In an op-ed penned to the Washington Post after the proceedings, the seven Democratic House impeachment managers defended the necessity for the impeachment proceedings. Reps. Adam Schiff of California, Jerrold Nadler of New York, Zoe Lofgren of California, Hakeem Jeffries of New York, Val Demings of Florida, Sylvia Garcia of Texas and Jason Crow of Colorado were nominated as the Democratic House managers during the impeachment trial of President Trump.
“Over the past two weeks, we have argued the impeachment case against President Trump, presenting overwhelming evidence that he solicited foreign interference to cheat in the next election and jeopardized our national security by withholding hundreds of millions of dollars in security assistance to pressure Ukraine to do his political bidding. When the president got caught and his scheme was exposed, he tried to cover it up and obstruct Congress’s investigation in an unprecedented fashion. As the trial progressed, a growing number of Republican senators acknowledged that the House had proved the president’s serious misconduct,” the representatives wrote. “Republican leadership in the Senate had the power to conceal the president’s full misconduct during the trial by disallowing witnesses and documents, but they cannot keep the full, ugly truth of the president’s conduct, and that of all the president’s men, from the American people. Not for long.”
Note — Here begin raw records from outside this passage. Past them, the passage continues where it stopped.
(* Let $X$ be a semi-permutation, let $T$ be any partitioning tree for $X$, let $U\subseteq V(T)$ be a set of vertices such that every root-to-leaf path of $T$ contains exactly one vertex of $U$, and let $(X^c,\{X^s_v\}_{v\in U})$ be the split of $(X,T)$ at $U$. Then $$\sum_{v\in U}\mathrm{opt}(X^s_v)+\mathrm{opt}(X^c)\le \mathrm{opt}(X).$$
   Context: Points have integer coordinates. Two points $p,q$ are collinear if $p.x=q.x$ or $p.y=q.y$; otherwise $\square_{p,q}$ is the smallest closed axis-parallel rectangle containing both. A non-collinear pair $(p,q)$ is satisfied in $S$ if some $r\in S\setminus\{p,q\}$ lies in $\square_{p,q}$; $S$ is satisfied if all its non-collinear pairs are. A row (column) is active for $X$ if it contains a point of $X$; $X$ is a semi-permutation if each active row contains exactly one point of $X$. $\mathrm{opt}(X)$ is the minimum $|Y|$ with $X\cup Y$ satisfied (and is $0$ if $X$ has one active column). Partitioning tree: let $B$ be the bounding box of $X$ and $\mathcal L$ the set of vertical lines with half-integral $x$-coordinate strictly between the minimum and maximum $x$-coordinates of $X$. A partitioning tree $T$ is a rooted binary tree whose vertices $v$ carry closed vertical strips $S(v)$: $S(\mathrm{root})=B$; an internal vertex $v$ owns a line $L(v)\in\mathcal L$ lying strictly inside $S(v)$ and its two children carry the two strips into which $L(v)$ splits $S(v)$; each leaf strip contains exactly one active column of $X$ (this is the tree produced by processing the lines of $\mathcal L$ in some order, each line splitting the current strip containing it). Split at $U$: for $v\in U$, the strip instance $X^s_v=X\cap S(v)$; the compressed instance $X^c$ is obtained by replacing, for every $v\in U$, each point $p\in X\cap S(v)$ by the point $(x_v,p.y)$, where $x_v$ is the $x$-coordinate of the leftmost active column of $X$ in $S(v)$ (i.e., collapsing all active columns of each strip $S(v)$ into one column). *)

theory Defs
  imports Main
begin

type_synonym point = "int \<times> int"

definition collinear :: "point \<Rightarrow> point \<Rightarrow> bool" where
  "collinear p q \<longleftrightarrow> fst p = fst q \<or> snd p = snd q"

definition rect :: "point \<Rightarrow> point \<Rightarrow> point set" where
  "rect p q = {r. min (fst p) (fst q) \<le> fst r \<and> fst r \<le> max (fst p) (fst q)
                 \<and> min (snd p) (snd q) \<le> snd r \<and> snd r \<le> max (snd p) (snd q)}"

definition pair_satisfied :: "point set \<Rightarrow> point \<Rightarrow> point \<Rightarrow> bool" where
  "pair_satisfied S p q \<longleftrightarrow> collinear p q \<or> (\<exists>r \<in> S - {p, q}. r \<in> rect p q)"

definition satisfied :: "point set \<Rightarrow> bool" where
  "satisfied S \<longleftrightarrow> (\<forall>p\<in>S. \<forall>q\<in>S. pair_satisfied S p q)"

definition semi_perm :: "point set \<Rightarrow> bool" where
  "semi_perm X \<longleftrightarrow> (\<forall>p\<in>X. \<forall>q\<in>X. snd p = snd q \<longrightarrow> p = q)"

definition opt :: "point set \<Rightarrow> nat" where
  "opt X = (if card (fst ` X) \<le> 1 then 0
            else (LEAST n. \<exists>Y. finite Y \<and> card Y = n \<and> satisfied (X \<union> Y)))"

(* Partitioning tree: a node Node k l r owns the vertical line x = k + 1/2.
   Strips are represented by their (integer) column range [lo, hi]; the integer
   points of the closed strip are exactly those with lo \<le> x \<le> hi. *)
datatype ptree = Leaf | Node int ptree ptree

definition active_cols :: "point set \<Rightarrow> int \<Rightarrow> int \<Rightarrow> int set" where
  "active_cols X lo hi = {c. lo \<le> c \<and> c \<le> hi \<and> c \<in> fst ` X}"

fun is_ptree :: "point set \<Rightarrow> int \<Rightarrow> int \<Rightarrow> ptree \<Rightarrow> bool" where
  "is_ptree X lo hi Leaf \<longleftrightarrow> card (active_cols X lo hi) = 1"
| "is_ptree X lo hi (Node k l r) \<longleftrightarrow>
     lo \<le> k \<and> k + 1 \<le> hi \<and> is_ptree X lo k l \<and> is_ptree X (k + 1) hi r"

definition partitioning_tree :: "point set \<Rightarrow> ptree \<Rightarrow> bool" where
  "partitioning_tree X t \<longleftrightarrow> is_ptree X (Min (fst ` X)) (Max (fst ` X)) t"

(* vertices: (path from root, lo, hi) ; False = left child, True = right child *)
fun ptree_nodes :: "int \<Rightarrow> int \<Rightarrow> ptree \<Rightarrow> (bool list \<times> int \<times> int) set" where
  "ptree_nodes lo hi Leaf = {([], lo, hi)}"
| "ptree_nodes lo hi (Node k l r) = {([], lo, hi)}
     \<union> (\<lambda>(p, a, b). (False # p, a, b)) ` ptree_nodes lo k l
     \<union> (\<lambda>(p, a, b). (True # p, a, b)) ` ptree_nodes (k + 1) hi r"

fun ptree_leaves :: "int \<Rightarrow> int \<Rightarrow> ptree \<Rightarrow> (bool list \<times> int \<times> int) set" where
  "ptree_leaves lo hi Leaf = {([], lo, hi)}"
| "ptree_leaves lo hi (Node k l r) =
     (\<lambda>(p, a, b). (False # p, a, b)) ` ptree_leaves lo k l
     \<union> (\<lambda>(p, a, b). (True # p, a, b)) ` ptree_leaves (k + 1) hi r"

definition vertices :: "point set \<Rightarrow> ptree \<Rightarrow> (bool list \<times> int \<times> int) set" where
  "vertices X t = ptree_nodes (Min (fst ` X)) (Max (fst ` X)) t"

definition leaves :: "point set \<Rightarrow> ptree \<Rightarrow> (bool list \<times> int \<times> int) set" where
  "leaves X t = ptree_leaves (Min (fst ` X)) (Max (fst ` X)) t"

definition cut_set :: "point set \<Rightarrow> ptree \<Rightarrow> (bool list \<times> int \<times> int) set \<Rightarrow> bool" where
  "cut_set X t U \<longleftrightarrow> U \<subseteq> vertices X t \<and>
     (\<forall>l \<in> leaves X t. card {v \<in> U. \<exists>n. fst v = take n (fst l)} = 1)"

definition strip_inst :: "point set \<Rightarrow> bool list \<times> int \<times> int \<Rightarrow> point set" where
  "strip_inst X v = {q \<in> X. fst (snd v) \<le> fst q \<and> fst q \<le> snd (snd v)}"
The op-ed references the vote from the previous week’s proceedings, in which Republicans voted down the motion to introduce key witnesses, such as former national security advisor John Bolton. The Senate had voted on Friday, Jan. 31, on whether to invite witnesses and corresponding documents with 51 Republicans voting against introducing witnesses. Two senators, Sens. Romney and Susan Collins of Maine, crossed the aisle and voted in favor of allowing witnesses. However, Sen. Collins did not step across the aisle during the vote for conviction or acquittal.
In a statement to the press, Collins stated that she felt as though Trump would learn from his trial, but later rescinded the quote, saying that “her belief that President Trump had learned a lesson from impeachment” may not be correct.
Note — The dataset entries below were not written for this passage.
lemma descent_cat_groupoid: "is_groupoid (Desc n Us)"
proof -
  have dom_cod: "\<forall>f\<in>Arr (Desc n Us). Dom (Desc n Us) f \<in> Obj (Desc n Us) \<and> Cod (Desc n Us) f \<in> Obj (Desc n Us)"
  proof
    fix e assume e: "e \<in> Arr (Desc n Us)"
    obtain s t f where ee: "e = (s,t,f)" by (cases e)
    show "Dom (Desc n Us) e \<in> Obj (Desc n Us) \<and> Cod (Desc n Us) e \<in> Obj (Desc n Us)"
      using descent_arr_family[OF e[unfolded ee]] ee by simp
  qed
  have ide: "\<forall>a\<in>Obj (Desc n Us). Ide (Desc n Us) a \<in> Arr (Desc n Us) \<and> Dom (Desc n Us) (Ide (Desc n Us) a) = a \<and> Cod (Desc n Us) (Ide (Desc n Us) a) = a"
    using descent_Ide_in_Arr by simp
  have comp: "\<forall>f\<in>Arr (Desc n Us). \<forall>g\<in>Arr (Desc n Us). Cod (Desc n Us) f = Dom (Desc n Us) g \<longrightarrow>
        Comp (Desc n Us) g f \<in> Arr (Desc n Us) \<and> Dom (Desc n Us) (Comp (Desc n Us) g f) = Dom (Desc n Us) f \<and> Cod (Desc n Us) (Comp (Desc n Us) g f) = Cod (Desc n Us) g"
  proof (intro ballI impI)
    fix e1 e2 assume e1: "e1 \<in> Arr (Desc n Us)" and e2: "e2 \<in> Arr (Desc n Us)" and c: "Cod (Desc n Us) e1 = Dom (Desc n Us) e2"
    obtain s t f where ee1: "e1 = (s,t,f)" by (cases e1)
    obtain t' u g where ee2: "e2 = (t',u,g)" by (cases e2)
    have tt: "t' = t" using c ee1 ee2 by simp
    show "Comp (Desc n Us) e2 e1 \<in> Arr (Desc n Us) \<and> Dom (Desc n Us) (Comp (Desc n Us) e2 e1) = Dom (Desc n Us) e1 \<and> Cod (Desc n Us) (Comp (Desc n Us) e2 e1) = Cod (Desc n Us) e2"
      using descent_Comp_in_Arr[OF e1[unfolded ee1] e2[unfolded ee2 tt]] ee1 ee2 tt by simp
  qed
  have unit: "\<forall>f\<in>Arr (Desc n Us). Comp (Desc n Us) (Ide (Desc n Us) (Cod (Desc n Us) f)) f = f \<and> Comp (Desc n Us) f (Ide (Desc n Us) (Dom (Desc n Us) f)) = f"
    using descent_Comp_Ide_left descent_Comp_Ide_right by blast
  have assoc: "\<forall>f\<in>Arr (Desc n Us). \<forall>g\<in>Arr (Desc n Us). \<forall>h\<in>Arr (Desc n Us). Cod (Desc n Us) f = Dom (Desc n Us) g \<longrightarrow> Cod (Desc n Us) g = Dom (Desc n Us) h \<longrightarrow>
        Comp (Desc n Us) h (Comp (Desc n Us) g f) = Comp (Desc n Us) (Comp (Desc n Us) h g) f"
    using descent_Comp_assoc by blast
  have inverses: "\<forall>f\<in>Arr (Desc n Us). \<exists>g. is_inverse (Desc n Us) f g"
  proof
    fix e assume e: "e \<in> Arr (Desc n Us)"
    obtain s t f where ee: "e = (s,t,f)" by (cases e)
    show "\<exists>g. is_inverse (Desc n Us) e g" using descent_inverse[OF e[unfolded ee]] ee by blast
  qed
  show ?thesis unfolding is_groupoid_def is_category_def by (intro conjI dom_cod ide comp unit assoc inverses)
qed

end

abbreviation "Fdesc n U Us \<equiv> descent_functor_obj FF resO n U Us"
abbreviation "Fdesc_arr n U Us \<equiv> (\<lambda>f. (descent_functor_obj FF resO n U Us (Dom (FF U) f),
                descent_functor_obj FF resO n U Us (Cod (FF U) f),
                (\<lambda>i\<in>{..<n}. resA (Us i) U f)))"

lemma descent_functor_obj_fst[simp]: "fst (Fdesc n U Us x) = (\<lambda>i\<in>{..<n}. resO (Us i) U x)"
  by (simp add: descent_functor_obj_def)
lemma descent_functor_obj_snd[simp]: "snd (Fdesc n U Us x) = (\<lambda>i\<in>{..<n}. \<lambda>j\<in>{..<n}.
         Ide (FF (Us i \<inter> Us j)) (resO (Us i \<inter> Us j) (Us i) (resO (Us i) U x)))"
  by (simp add: descent_functor_obj_def)

context
  fixes n U Us
  assumes cover: "open_cover X U n Us"
begin

lemma descent_functor_arr_compat_iff:
  assumes h: "\<And>i. i < n \<Longrightarrow> h i \<in> Arr (FF (Us i)) \<and> Dom (FF (Us i)) (h i) = resO (Us i) U a \<and> Cod (FF (Us i)) (h i) = resO (Us i) U a'"
    and a: "a \<in> Obj (FF U)" and a': "a' \<in> Obj (FF U)" and i: "i < n" and j: "j < n"
  shows "Comp (FF (Us i \<inter> Us j)) (snd (Fdesc n U Us a') i j) (resA (Us i \<inter> Us j) (Us i) (h i))
       = Comp (FF (Us i \<inter> Us j)) (resA (Us i \<inter> Us j) (Us j) (h j)) (snd (Fdesc n U Us a) i j)
     \<longleftrightarrow> resA (Us i \<inter> Us j) (Us i) (h i) = resA (Us i \<inter> Us j) (Us j) (h j)"
  using h[OF i] h[OF j] a a' i j open_coverD[OF cover] by simp

lemma descent_functor_obj_in: assumes x: "x \<in> Obj (FF U)" shows "Fdesc n U Us x \<in> DObj n Us"
proof -
  have objs: "(\<lambda>i\<in>{..<n}. resO (Us i) U x) \<in> PiE {..<n} (\<lambda>i. Obj (FF (Us i)))"
    using x open_coverD[OF cover] by (simp add: restrict_PiE_iff)
  have arrs: "(\<lambda>i\<in>{..<n}. \<lambda>j\<in>{..<n}. Ide (FF (Us i \<inter> Us j)) (resO (Us i \<inter> Us j) (Us i) (resO (Us i) U x)))
      \<in> PiE {..<n} (\<lambda>i. PiE {..<n} (\<lambda>j. Arr (FF (Us i \<inter> Us j))))"
    using x open_coverD[OF cover] by (simp add: restrict_PiE_iff)
  have dom_cod: "Dom (FF (Us i \<inter> Us j)) (Ide (FF (Us i \<inter> Us j)) (resO (Us i \<inter> Us j) (Us i) (resO (Us i) U x))) = resO (Us i \<inter> Us j) (Us i) (resO (Us i) U x) \<and>
           Cod (FF (Us i \<inter> Us j)) (Ide (FF (Us i \<inter> Us j)) (resO (Us i \<inter> Us j) (Us i) (resO (Us i) U x))) = resO (Us i \<inter> Us j) (Us j) (resO (Us j) U x)"
    if i: "i < n" and j: "j < n" for i j
    using x open_coverD[OF cover] i j by simp
  have cocycle: "Comp (FF (Us i \<inter> Us j \<inter> Us k))
             (resA (Us i \<inter> Us j \<inter> Us k) (Us j \<inter> Us k) (Ide (FF (Us j \<inter> Us k)) (resO (Us j \<inter> Us k) (Us j) (resO (Us j) U x))))
             (resA (Us i \<inter> Us j \<inter> Us k) (Us i \<inter> Us j) (Ide (FF (Us i \<inter> Us j)) (resO (Us i \<inter> Us j) (Us i) (resO (Us i) U x))))
           = resA (Us i \<inter> Us j \<inter> Us k) (Us i \<inter> Us k) (Ide (FF (Us i \<inter> Us k)) (resO (Us i \<inter> Us k) (Us i) (resO (Us i) U x)))"
    if i: "i < n" and j: "j < n" and k: "k < n" for i j k
    using x open_coverD[OF cover] i j k by simp
  have "(fst (Fdesc n U Us x), snd (Fdesc n U Us x)) \<in> DObj n Us"
    unfolding descent_obj_iff descent_functor_obj_fst descent_functor_obj_snd using objs arrs dom_cod cocycle by simp
  then show ?thesis by (simp only: prod.collapse)
qed

lemma descent_functor: "is_functor (FF U) (Desc n Us) (Fdesc n U Us) (Fdesc_arr n U Us)"
proof -
  have a: "Fdesc_arr n U Us f \<in> Arr (Desc n Us)" if f: "f \<in> Arr (FF U)" for f
  proof -
    have d: "Dom (FF U) f \<in> Obj (FF U)" "Cod (FF U) f \<in> Obj (FF U)" using f open_coverD(1)[OF cover] by auto
    have h: "\<And>i. i < n \<Longrightarrow> resA (Us i) U f \<in> Arr (FF (Us i)) \<and> Dom (FF (Us i)) (resA (Us i) U f) = resO (Us i) U (Dom (FF U) f) \<and>
        Cod (FF (Us i)) (resA (Us i) U f) = resO (Us i) U (Cod (FF U) f)"
      using f open_coverD[OF cover] by simp
    have compat: "Comp (FF (Us i \<inter> Us j)) (snd (Fdesc n U Us (Cod (FF U) f)) i j) (resA (Us i \<inter> Us j) (Us i) ((\<lambda>i\<in>{..<n}. resA (Us i) U f) i))
       = Comp (FF (Us i \<inter> Us j)) (resA (Us i \<inter> Us j) (Us j) ((\<lambda>i\<in>{..<n}. resA (Us i) U f) j)) (snd (Fdesc n U Us (Dom (FF U) f)) i j)"
      if i: "i < n" and j: "j < n" for i j
    proof -
      have "resA (Us i \<inter> Us j) (Us i) (resA (Us i) U f) = resA (Us i \<inter> Us j) (Us j) (resA (Us j) U f)"
        using f open_coverD[OF cover] i j by simp
      thus ?thesis using descent_functor_arr_compat_iff[OF h d i j] i j by simp
    qed
    have in_Pi: "(\<lambda>i\<in>{..<n}. resA (Us i) U f) \<in> PiE {..<n} (\<lambda>i. Arr (FF (Us i)))"
      using h by (simp add: restrict_PiE_iff)
    show ?thesis unfolding descent_arr_iff using descent_functor_obj_in d in_Pi compat h by simp
  qed
  have i: "Fdesc_arr n U Us (Ide (FF U) x) = Ide (Desc n Us) (Fdesc n U Us x)" if x: "x \<in> Obj (FF U)" for x
  proof -
    have "(\<lambda>i\<in>{..<n}. resA (Us i) U (Ide (FF U) x)) = (\<lambda>i\<in>{..<n}. Ide (FF (Us i)) (fst (Fdesc n U Us x) i))"
      by (rule restrict_ext) (use x open_coverD(1)[OF cover] open_coverD(2)[OF cover] open_coverD(3)[OF cover] in simp)
    thus ?thesis using x open_coverD(1)[OF cover] by simp
  qed
  have cp: "Fdesc_arr n U Us (Comp (FF U) g f) = Comp (Desc n Us) (Fdesc_arr n U Us g) (Fdesc_arr n U Us f)"
    if f: "f \<in> Arr (FF U)" and g: "g \<in> Arr (FF U)" and fg: "Cod (FF U) f = Dom (FF U) g" for f g
  proof -
    have "(\<lambda>i\<in>{..<n}. resA (Us i) U (Comp (FF U) g f)) = (\<lambda>i\<in>{..<n}. Comp (FF (Us i)) ((\<lambda>i\<in>{..<n}. resA (Us i) U g) i) ((\<lambda>i\<in>{..<n}. resA (Us i) U f) i))"
      by (rule restrict_ext) (use f g fg open_coverD(1)[OF cover] open_coverD(2)[OF cover] open_coverD(3)[OF cover] in simp)
    thus ?thesis using f g fg open_coverD(1)[OF cover] by simp
  qed
  show ?thesis unfolding is_functor_def using descent_functor_obj_in a i cp by simp
qed

end

end

section \<open>The condition \<open>st(n)\<close>\<close>

context groupoid_presheaf
begin

definition hom_sections :: "'a set \<Rightarrow> 'o \<Rightarrow> 'o \<Rightarrow> 'a set \<Rightarrow> 'm set" where
  "hom_sections U x y V = {f \<in> Arr (FF V). Dom (FF V) f = resO V U x \<and> Cod (FF V) f = resO V U y}"

definition homs_glue :: "nat \<Rightarrow> 'a set \<Rightarrow> (nat \<Rightarrow> 'a set) \<Rightarrow> bool" where
  "homs_glue n U Us \<longleftrightarrow> (\<forall>x\<in>Obj (FF U). \<forall>y\<in>Obj (FF U). sheaf_cond_for (hom_sections U x y) resA U n Us)"

definition effective_descent :: "nat \<Rightarrow> 'a set \<Rightarrow> (nat \<Rightarrow> 'a set) \<Rightarrow> bool" where
  "effective_descent n U Us \<longleftrightarrow> (\<forall>s\<in>DObj n Us. \<exists>a\<in>Obj (FF U). \<exists>g.
     (\<forall>i<n. g i \<in> Arr (FF (Us i)) \<and> Dom (FF (Us i)) (g i) = resO (Us i) U a \<and> Cod (FF (Us i)) (g i) = fst s i) \<and>
     (\<forall>i<n. \<forall>j<n. Comp (FF (Us i \<inter> Us j)) (snd s i j) (resA (Us i \<inter> Us j) (Us i) (g i))
        = resA (Us i \<inter> Us j) (Us j) (g j)))"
“That may be aspirational,” Collins later said.
She also defended her vote in favor of acquittal, saying that she felt she had done her duty.
“I think it’s important to understand that when you’re in an impeachment trial, you consider the evidence that is before you,” Collins noted. “You don’t try to make predictions. You consider the evidence that’s before you. In this case, the evidence did not meet the high bar that’s established by the Constitution for immediate removal of the president from office. So that was the basis for my decision.”
Following the impeachment proceedings, Trump fired three witnesses. Lt. Col. Alexander Vindman, a key witness, was ousted on Friday afternoon, followed by his twin brother Lt. Col. Yevgeny Vindman some 15 minutes later. Trump also dismissed Gordon Sondaland, who had acted as the U.S. ambassador to the European Union. Democrats and Republicans have noted that these firings seem indicative of retaliatory action, and have voiced disapproval.